> STORED DATA:
(* Let $\mathcal{S}\subset\mathbb{R}^n$ be compact convex with $\|x\|\le D$ for all $x\in\mathcal{S}$, and let $f_t(\theta)=\frac12\|\theta-y_t\|^2$ with $y_t\in\mathcal{S}$, $t=1,\dots,T$. Let $\theta_1\in\mathcal{S}$ and define, for $\gamma\in(0,1)$, $$\theta_{t+1}=\frac{\gamma-\gamma^t}{1-\gamma^t}\theta_t+\frac{1-\gamma}{1-\gamma^t}y_t=\theta_t-\frac{1-\gamma}{1-\gamma^t}\nabla f_t(\theta_t).$$ Let $\theta_t^*=\operatorname{argmin}_{\theta\in\mathcal{S}}f_t(\theta)\,(=y_t)$ and $V^*=\sum_{t=2}^T\|\theta_t^*-\theta_{t-1}^*\|$. If $1-\gamma=1/T^\beta$ with $\beta\in(0,1)$, then $$\sum_{t=1}^T\big(f_t(\theta_t)-f_t(\theta_t^* )\big)\le 2DT^\beta\big(\|\theta_1-\theta_1^*\|+V^*\big).$$ *)

theory Defs
  imports "HOL-Analysis.Analysis"
begin

end

theory Submission
  imports Defs
begin

text \<open>The iterate \<open>\<theta>\<^sub>t\<^sub>+\<^sub>1\<close> is the \<open>\<gamma>\<close>-discounted mean of \<open>y\<^sub>1, \<dots>, y\<^sub>t\<close>, hence a convex
  combination \<open>c\<^sub>t \<theta>\<^sub>t + (1 - c\<^sub>t) y\<^sub>t\<close> with \<open>0 \<le> c\<^sub>t \<le> \<gamma>\<close>; in particular it stays in \<open>S\<close>,
  and the minimiser of \<open>f\<^sub>t\<close> over \<open>S\<close> is \<open>y\<^sub>t\<close> itself. The tracking error
  \<open>e\<^sub>t = \<parallel>\<theta>\<^sub>t - y\<^sub>t\<parallel>\<close> therefore contracts up to the drift: \<open>e\<^sub>t\<^sub>+\<^sub>1 \<le> \<gamma> e\<^sub>t + \<parallel>y\<^sub>t\<^sub>+\<^sub>1 - y\<^sub>t\<parallel>\<close>.
  Summing gives \<open>(1 - \<gamma>) \<Sum> e\<^sub>t \<le> e\<^sub>1 + V\<^sup>*\<close>, and since \<open>e\<^sub>t \<le> 2D\<close> the regret
  \<open>\<Sum> e\<^sub>t\<^sup>2 / 2\<close> is at most \<open>D \<Sum> e\<^sub>t \<le> D T\<^sup>\<beta> (e\<^sub>1 + V\<^sup>*)\<close>.\<close>

definition discount_weight :: "real \<Rightarrow> nat \<Rightarrow> real" where
  "discount_weight \<gamma> t = (\<gamma> - \<gamma> ^ t) / (1 - \<gamma> ^ t)"

lemma
  assumes "0 < \<gamma>" and "\<gamma> < 1" and "1 \<le> t"
  shows discount_weight_nonneg: "0 \<le> discount_weight \<gamma> t"
    and discount_weight_le: "discount_weight \<gamma> t \<le> \<gamma>"
    and one_minus_discount_weight: "1 - discount_weight \<gamma> t = (1 - \<gamma>) / (1 - \<gamma> ^ t)"
proof -
  have "\<gamma> ^ t \<le> \<gamma>" using assms power_decreasing[of 1 t \<gamma>] by simp
  moreover have "\<gamma> ^ t < 1" using assms power_strict_decreasing[of 0 t \<gamma>] by simp
  moreover have "\<gamma> - \<gamma> ^ t \<le> \<gamma> * (1 - \<gamma> ^ t)"
    using assms mult_left_le_one_le[of "\<gamma> ^ t" \<gamma>] by (simp add: algebra_simps)
  ultimately show "0 \<le> discount_weight \<gamma> t" "discount_weight \<gamma> t \<le> \<gamma>"
      "1 - discount_weight \<gamma> t = (1 - \<gamma>) / (1 - \<gamma> ^ t)"
    by (simp_all add: discount_weight_def pos_divide_le_eq field_simps)
qed

lemma convex_combination_iterates_in:
  fixes \<theta> y :: "nat \<Rightarrow> 'a::real_vector"
  assumes "convex S" and "\<theta> 1 \<in> S" and "\<forall>t\<in>{1..T}. y t \<in> S"
    and "\<forall>t. 1 \<le> t \<and> t < T \<longrightarrow> 0 \<le> c t \<and> c t \<le> 1"
    and "\<forall>t. 1 \<le> t \<and> t < T \<longrightarrow> \<theta> (t + 1) = c t *\<^sub>R \<theta> t + (1 - c t) *\<^sub>R y t"
    and "1 \<le> t" and "t \<le> T"
  shows "\<theta> t \<in> S"
  using \<open>1 \<le> t\<close> \<open>t \<le> T\<close>
proof (induction t rule: dec_induct)
  case base
  show ?case using assms(2) .
next
  case (step t)
  then have "\<theta> (t + 1) = c t *\<^sub>R \<theta> t + (1 - c t) *\<^sub>R y t" and "0 \<le> c t" and "c t \<le> 1"
    using assms(4,5) by auto
  with step assms(1,3) show ?case by (simp add: convexD)
qed

lemma tracking_error_step:
  fixes \<theta> y y' :: "'a::real_normed_vector"
  assumes "0 \<le> c" and "c \<le> \<gamma>"
  shows "norm (c *\<^sub>R \<theta> + (1 - c) *\<^sub>R y - y') \<le> \<gamma> * norm (\<theta> - y) + norm (y' - y)"
proof -
  have "norm (c *\<^sub>R \<theta> + (1 - c) *\<^sub>R y - y') = norm (c *\<^sub>R (\<theta> - y) - (y' - y))"
    by (simp add: algebra_simps)
  also have "\<dots> \<le> norm (c *\<^sub>R (\<theta> - y)) + norm (y' - y)"
    by (rule norm_triangle_ineq4)
  also have "\<dots> \<le> \<gamma> * norm (\<theta> - y) + norm (y' - y)"
    using assms by (simp add: mult_right_mono)
  finally show ?thesis .
qed

lemma contracting_sequence_sum_le:
  fixes a d :: "nat \<Rightarrow> real"
  assumes "0 \<le> \<gamma>" and "\<And>t. 0 \<le> a t"
    and "\<And>t. 1 \<le> t \<Longrightarrow> t < T \<Longrightarrow> a (t + 1) \<le> \<gamma> * a t + d (t + 1)"
  shows "(1 - \<gamma>) * (\<Sum>t=1..T. a t) \<le> a 1 + (\<Sum>t=2..T. d t)"
proof (cases "T = 0")
  case True
  then show ?thesis using assms(2) by simp
next
  case False
  have partial: "(1 - \<gamma>) * (\<Sum>t=1..m. a t) + \<gamma> * a m \<le> a 1 + (\<Sum>t=2..m. d t)"
    if "1 \<le> m" and "m \<le> T" for m
    using that
  proof (induction m rule: dec_induct)
    case base
    show ?case by (simp add: algebra_simps)
  next
    case (step m)
    then have "a (m + 1) \<le> \<gamma> * a m + d (m + 1)" using assms(3) by simp
    with step show ?case by (simp add: algebra_simps)
  qed
  then have "(1 - \<gamma>) * (\<Sum>t=1..T. a t) + \<gamma> * a T \<le> a 1 + (\<Sum>t=2..T. d t)"
    using False by simp
  moreover have "0 \<le> \<gamma> * a T" using assms(1,2) by simp
  ultimately show ?thesis by linarith
qed

lemma discounted_average_tracking:
  fixes \<theta> y :: "nat \<Rightarrow> 'a::real_normed_vector"
  assumes "0 < \<gamma>" and "\<gamma> < 1"
    and "\<forall>t. 1 \<le> t \<and> t < T \<longrightarrow>
           \<theta> (t + 1) = discount_weight \<gamma> t *\<^sub>R \<theta> t + (1 - discount_weight \<gamma> t) *\<^sub>R y t"
  shows "(\<Sum>t=1..T. norm (\<theta> t - y t))
           \<le> (norm (\<theta> 1 - y 1) + (\<Sum>t=2..T. norm (y t - y (t - 1)))) / (1 - \<gamma>)"
proof -
  have "(1 - \<gamma>) * (\<Sum>t=1..T. norm (\<theta> t - y t))
      \<le> norm (\<theta> 1 - y 1) + (\<Sum>t=2..T. norm (y t - y (t - 1)))"
  proof (rule contracting_sequence_sum_le)
    fix t assume "1 \<le> t" and "t < T"
    then show "norm (\<theta> (t + 1) - y (t + 1))
        \<le> \<gamma> * norm (\<theta> t - y t) + norm (y (t + 1) - y (t + 1 - 1))"
      using assms tracking_error_step[OF discount_weight_nonneg discount_weight_le]
      by (simp add: norm_minus_commute)
  qed (use assms(1) in auto)
  then show ?thesis using assms(2) by (simp add: pos_le_divide_eq mult.commute)
qed

lemma half_sq_norm_diff_le:
  fixes x y :: "'a::real_normed_vector"
  assumes "norm x \<le> D" and "norm y \<le> D"
  shows "(1/2) * (norm (x - y))\<^sup>2 \<le> D * norm (x - y)"
proof -
  have "norm (x - y) \<le> 2 * D"
    using norm_triangle_ineq4[of x y] assms by simp
  then have "norm (x - y) * norm (x - y) \<le> 2 * D * norm (x - y)"
    by (simp add: mult_right_mono)
  then show ?thesis by (simp add: power2_eq_square)
qed

lemma discounted_average_regret_le:
  fixes \<theta> y :: "nat \<Rightarrow> 'a::real_normed_vector"
  assumes "0 < \<gamma>" and "\<gamma> < 1" and "0 \<le> D"
    and "\<forall>t. 1 \<le> t \<and> t < T \<longrightarrow>
           \<theta> (t + 1) = discount_weight \<gamma> t *\<^sub>R \<theta> t + (1 - discount_weight \<gamma> t) *\<^sub>R y t"
    and "\<forall>t\<in>{1..T}. norm (\<theta> t) \<le> D \<and> norm (y t) \<le> D"
  shows "(\<Sum>t=1..T. (1/2) * (norm (\<theta> t - y t))\<^sup>2)
           \<le> D * ((norm (\<theta> 1 - y 1) + (\<Sum>t=2..T. norm (y t - y (t - 1)))) / (1 - \<gamma>))"
proof -
  have "(\<Sum>t=1..T. (1/2) * (norm (\<theta> t - y t))\<^sup>2) \<le> (\<Sum>t=1..T. D * norm (\<theta> t - y t))"
    using assms(5) by (intro sum_mono half_sq_norm_diff_le) auto
  also have "\<dots> = D * (\<Sum>t=1..T. norm (\<theta> t - y t))" by (simp add: sum_distrib_left)
  also have "\<dots> \<le> D * ((norm (\<theta> 1 - y 1) + (\<Sum>t=2..T. norm (y t - y (t - 1)))) / (1 - \<gamma>))"
    using discounted_average_tracking[OF assms(1,2,4)] assms(3) by (rule mult_left_mono)
  finally show ?thesis .
qed

theorem theorem3p2:
  fixes S :: "(real ^ 'n) set" and D :: real and T :: nat
    and y \<theta> \<theta>star :: "nat \<Rightarrow> real ^ 'n"
    and f :: "nat \<Rightarrow> real ^ 'n \<Rightarrow> real"
    and \<gamma> \<beta> :: real
  assumes "compact S" and "convex S"
    and "\<forall>x\<in>S. norm x \<le> D"
    and "\<And>t \<theta>'. f t \<theta>' = (1/2) * (norm (\<theta>' - y t))\<^sup>2"
    and "\<forall>t\<in>{1..T}. y t \<in> S"
    and "\<theta> 1 \<in> S"
    and "0 < \<gamma>" and "\<gamma> < 1"
    and "\<forall>t. 1 \<le> t \<and> t < T \<longrightarrow>
           \<theta> (t + 1) = ((\<gamma> - \<gamma> ^ t) / (1 - \<gamma> ^ t)) *\<^sub>R \<theta> t
                        + ((1 - \<gamma>) / (1 - \<gamma> ^ t)) *\<^sub>R y t"
    and "\<forall>t\<in>{1..T}. \<theta>star t \<in> S \<and> (\<forall>\<theta>'\<in>S. f t (\<theta>star t) \<le> f t \<theta>')"
    and "0 < \<beta>" and "\<beta> < 1"
    and "1 - \<gamma> = 1 / (real T powr \<beta>)"
  shows "(\<Sum>t=1..T. f t (\<theta> t) - f t (\<theta>star t))
         \<le> 2 * D * real T powr \<beta> *
            (norm (\<theta> 1 - \<theta>star 1) + (\<Sum>t=2..T. norm (\<theta>star t - \<theta>star (t - 1))))"
proof -
  define V where "V = (\<Sum>t=2..T. norm (y t - y (t - 1)))"
  have "T \<noteq> 0" \<comment> \<open>for \<open>T = 0\<close> the step-size hypothesis reads \<open>1 - \<gamma> = 1 / 0 = 0\<close>\<close>
    using assms(8,13) by (cases "T = 0") auto
  have "0 \<le> D" using assms(3,6) norm_ge_zero order_trans by blast
  have step: "\<forall>t. 1 \<le> t \<and> t < T \<longrightarrow>
      \<theta> (t + 1) = discount_weight \<gamma> t *\<^sub>R \<theta> t + (1 - discount_weight \<gamma> t) *\<^sub>R y t"
    using assms(7,8,9) by (simp add: one_minus_discount_weight) (simp add: discount_weight_def)
  have star: "\<theta>star t = y t" if "t \<in> {1..T}" for t
    using assms(10) assms(5) that by (force simp: assms(4))
  have "\<theta> t \<in> S" if "t \<in> {1..T}" for t
    using convex_combination_iterates_in[OF assms(2,6,5) _ step] that assms(7,8)
      discount_weight_nonneg discount_weight_le by force
  then have bounded: "\<forall>t\<in>{1..T}. norm (\<theta> t) \<le> D \<and> norm (y t) \<le> D"
    using assms(3,5) by blast
  have "(\<Sum>t=1..T. f t (\<theta> t) - f t (\<theta>star t)) = (\<Sum>t=1..T. (1/2) * (norm (\<theta> t - y t))\<^sup>2)"
    using star by (simp add: assms(4))
  also have "\<dots> \<le> D * ((norm (\<theta> 1 - y 1) + V) / (1 - \<gamma>))"
    unfolding V_def using assms(7,8) \<open>0 \<le> D\<close> step bounded by (rule discounted_average_regret_le)
  also have "\<dots> = D * real T powr \<beta> * (norm (\<theta> 1 - y 1) + V)"
    using assms(13) \<open>T \<noteq> 0\<close> by simp
  also have "\<dots> \<le> 2 * D * real T powr \<beta> * (norm (\<theta> 1 - y 1) + V)"
    using \<open>0 \<le> D\<close> by (simp add: V_def sum_nonneg)
  also have "norm (\<theta> 1 - y 1) + V
      = norm (\<theta> 1 - \<theta>star 1) + (\<Sum>t=2..T. norm (\<theta>star t - \<theta>star (t - 1)))"
  proof -
    have "norm (y t - y (t - 1)) = norm (\<theta>star t - \<theta>star (t - 1))" if "t \<in> {2..T}" for t
      using that star[of t] star[of "t - 1"] by force
    then show ?thesis using \<open>T \<noteq> 0\<close> star[of 1] by (simp add: V_def)
  qed
  finally show ?thesis .
qed

end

> YOUR ASSIGNMENT: Filter the records above, keeping each line that contains the word "auto".

> EXPECTED ANSWER:
    using assms(4,5) by auto
  qed (use assms(1) in auto)
    using assms(5) by (intro sum_mono half_sq_norm_diff_le) auto
    using assms(8,13) by (cases "T = 0") auto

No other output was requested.